The Friedrichs case presents Alito and his cronies with a third chance to do away with Abood and the entire mandatory fair-share system in the public sector nationwide, once and for all. The plaintiffs, including lead litigant Rebecca Friedrichs of Orange County, are 10 anti-union California schoolteachers and the Christian Educators Association International. Although the teachers are clearly government employees and reap the wage, retirement and health insurance benefits secured by union contracts, they oppose fair-share fees of any kind.

Unlike the plaintiffs in Knox and Harris, who were represented by the National Right to Work Legal Defense Foundation Inc., the Friedrichs group is represented by the Washington, D.C.-based Center for Individual Rights, an ultra-right-wing legal outfit that has made a name for itself in lawsuits opposing affirmative action, the Voting Rights Act and Obamacare, among other matters. Though the CIR handles much of its docket on its own, it has teamed up as co-counsel on Friedrichs with conservative super-lawyer Michael Carvin of the powerful Jones Day law firm.

But no matter who is directing Friedrichs, the aim of the case is the same as the goal previously sought in Knox and Harris—the crippling of public sector unions, both as bargaining agents for government workers and as sources of political funding and donations for liberal political candidates and campaigns.

It’s easy to understand the endgame that the American right is pursuing in such cases. Public unions are the last bastion of organized labor in America. According to the Bureau of Labor Statistics, the percentage of unionized wage and salary workers in the U.S. dropped to 11.1 percent in 2014 from 20.1 percent in 1983. The unionization rate in the private sector stands at an abysmal 6.6 percent. The public sector, by contrast, boasts a unionization rate of 35.7 percent.
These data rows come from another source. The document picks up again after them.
lemma mmonom_diff_trans:
  "mmonom a - mmonom b \<in> ideal_gen_in (poly_ring V) T \<Longrightarrow> mmonom b - mmonom c \<in> ideal_gen_in (poly_ring V) T
    \<Longrightarrow> mmonom a - mmonom c \<in> ideal_gen_in (poly_ring V) T"
  by (drule (1) poly_ideal_add) simp

lemma mmonom_diff_sym:
  assumes "mmonom a - mmonom b \<in> ideal_gen_in (poly_ring V) T"
  shows "mmonom b - mmonom a \<in> ideal_gen_in (poly_ring V) T"
proof -
  have "mmonom b - mmonom a = mconst (-1) * (mmonom a - mmonom b)"
    by (simp add: mconst_def single_uminus)
  also have "\<dots> \<in> ideal_gen_in (poly_ring V) T"
    by (rule poly_ideal_mult[OF poly_ring_mconst assms])
  finally show ?thesis .
qed

lemma mmonom_diff_shift:
  assumes "Poly_Mapping.keys u \<subseteq> V" "mmonom a - mmonom b \<in> ideal_gen_in (poly_ring V) T"
  shows "mmonom (u + a) - mmonom (u + b) \<in> ideal_gen_in (poly_ring V) T"
proof -
  have "mmonom (u + a) - mmonom (u + b) = mmonom u * (mmonom a - mmonom b)"
    by (simp add: mult_single right_diff_distrib)
  also have "\<dots> \<in> ideal_gen_in (poly_ring V) T"
    by (rule poly_ideal_mult[OF poly_ring_single[OF assms(1)] assms(2)])
  finally show ?thesis .
qed

lemma mmonom_diff_common_factor:
  assumes "mmonom r - mmonom r' \<in> ideal_gen_in (poly_ring V) T" "Poly_Mapping.keys x \<subseteq> V"
    and "mmonom m - mmonom (x + r) \<in> ideal_gen_in (poly_ring V) T"
    and "mmonom m' - mmonom (x + r') \<in> ideal_gen_in (poly_ring V) T"
  shows "mmonom m - mmonom m' \<in> ideal_gen_in (poly_ring V) T"
  using assms mmonom_diff_shift[OF assms(2,1)] by (meson mmonom_diff_sym mmonom_diff_trans)

lemma exchange_pair:
  assumes m: "Poly_Mapping.keys m \<subseteq> V" and vw: "v \<in> Poly_Mapping.keys m" "w \<in> Poly_Mapping.keys m" "v \<noteq> w"
    and v'w': "v' \<in> V" "w' \<in> V" and t: "mvar v * mvar w - mvar v' * mvar w' \<in> T"
  obtains m' where "Poly_Mapping.keys m' \<subseteq> V" "w' \<in> Poly_Mapping.keys m'"
    "mmonom m - mmonom m' \<in> ideal_gen_in (poly_ring V) T"
proof -
  obtain m\<^sub>1 where m\<^sub>1: "m = Poly_Mapping.single v 1 + m\<^sub>1" "Poly_Mapping.keys m\<^sub>1 \<subseteq> Poly_Mapping.keys m"
    using vw(1) by (rule obtain_single_add)
  have "w \<in> Poly_Mapping.keys m\<^sub>1"
    using vw(2,3) unfolding m\<^sub>1(1) by (simp add: in_keys_iff lookup_add lookup_single)
  then obtain u where u: "m\<^sub>1 = Poly_Mapping.single w 1 + u" "Poly_Mapping.keys u \<subseteq> Poly_Mapping.keys m\<^sub>1"
    by (rule obtain_single_add)
  have decomp: "m = u + Poly_Mapping.single v 1 + Poly_Mapping.single w 1"
    using m\<^sub>1(1) u(1) by (simp add: ac_simps)
  have u_vars: "Poly_Mapping.keys u \<subseteq> V"
    using u(2) m\<^sub>1(2) m by blast
  let ?m' = "u + Poly_Mapping.single v' 1 + Poly_Mapping.single w' 1"
  have "mmonom m - mmonom ?m' = mmonom u * (mvar v * mvar w - mvar v' * mvar w')"
    by (simp add: decomp mvar_def mult_single right_diff_distrib add.assoc)
  also have "\<dots> \<in> ideal_gen_in (poly_ring V) T"
    by (intro poly_ideal_mult poly_ring_single u_vars ideal_gen_in_generator t poly_ring_1)
  finally have "mmonom m - mmonom ?m' \<in> ideal_gen_in (poly_ring V) T" .
  moreover have "Poly_Mapping.keys ?m' \<subseteq> V"
    using u_vars v'w' keys_add[of "u + Poly_Mapping.single v' 1" "Poly_Mapping.single w' 1"]
      keys_add[of u "Poly_Mapping.single v' 1"] by auto
  moreover have "w' \<in> Poly_Mapping.keys ?m'"
    by (simp add: in_keys_iff lookup_add)
  ultimately show thesis using that by blast
qed

section \<open>Monomial maps\<close>

text \<open>The exponent of the image of \<open>x\<^sup>m\<close> under the monomial map \<open>x\<^sub>v \<mapsto> y\<^bsup>e v\<^esup>\<close>.\<close>

definition mon_exp :: "('v \<Rightarrow> ('w \<Rightarrow>\<^sub>0 nat)) \<Rightarrow> ('v \<Rightarrow>\<^sub>0 nat) \<Rightarrow> 'w \<Rightarrow>\<^sub>0 nat" where
  "mon_exp e m = (\<Sum>v\<in>Poly_Mapping.keys m. \<Sum>_<Poly_Mapping.lookup m v. e v)"

lemma lookup_mon_exp:
  "Poly_Mapping.lookup (mon_exp e m) z
     = (\<Sum>v\<in>Poly_Mapping.keys m. Poly_Mapping.lookup m v * Poly_Mapping.lookup (e v) z)"
  by (simp add: mon_exp_def lookup_sum)

lemma mon_exp_0 [simp]: "mon_exp e 0 = 0"
  by (simp add: mon_exp_def)

lemma mon_exp_single: "mon_exp e (Poly_Mapping.single v 1) = e v"
  by (simp add: mon_exp_def)

lemma mon_exp_add: "mon_exp e (a + b) = mon_exp e a + mon_exp e b"
proof (rule poly_mapping_eqI)
  fix z
  let ?S = "Poly_Mapping.keys a \<union> Poly_Mapping.keys b"
  have superset: "Poly_Mapping.lookup (mon_exp e x) z
      = (\<Sum>v\<in>?S. Poly_Mapping.lookup x v * Poly_Mapping.lookup (e v) z)"
    if "Poly_Mapping.keys x \<subseteq> ?S" for x
    unfolding lookup_mon_exp
    by (rule sum.mono_neutral_left) (use that in \<open>auto simp: not_in_keys_iff_lookup_eq_zero\<close>)
  show "Poly_Mapping.lookup (mon_exp e (a + b)) z = Poly_Mapping.lookup (mon_exp e a + mon_exp e b) z"
    by (simp add: superset keys_add lookup_add distrib_right sum.distrib)
qed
If the recent labor strife in Wisconsin is any bellwether, a plaintiffs’ victory in Friedrichs could be disastrous. In the aftermath of Gov. Scott Walker’s 2011 assault on public unions and the state’s subsequent implementation of right-to-work policies, the declines in public union membership and dues collected have been enormous in Wisconsin, according to The Washington Examiner. The Madison local of the American Federation of State County and Municipal Employees has lost 18,000 of its previous 32,000 members and has seen its annual revenue fall from $10 million to $5.5 million.

The lesson thus is simple: Kill the fair-share regime and you kill public sector unions. Kill public sector unions and you kill off the labor movement as a whole.

Will the Supreme Court finally implement the lesson plan? We’ll know in the coming months.

From the Haymarket Riot to the present, it’s been a bumpy ride for American workers. In the meantime, I’m sure that Justice Alito and his black-robed compatriots will join me in wishing you happy Labor Day.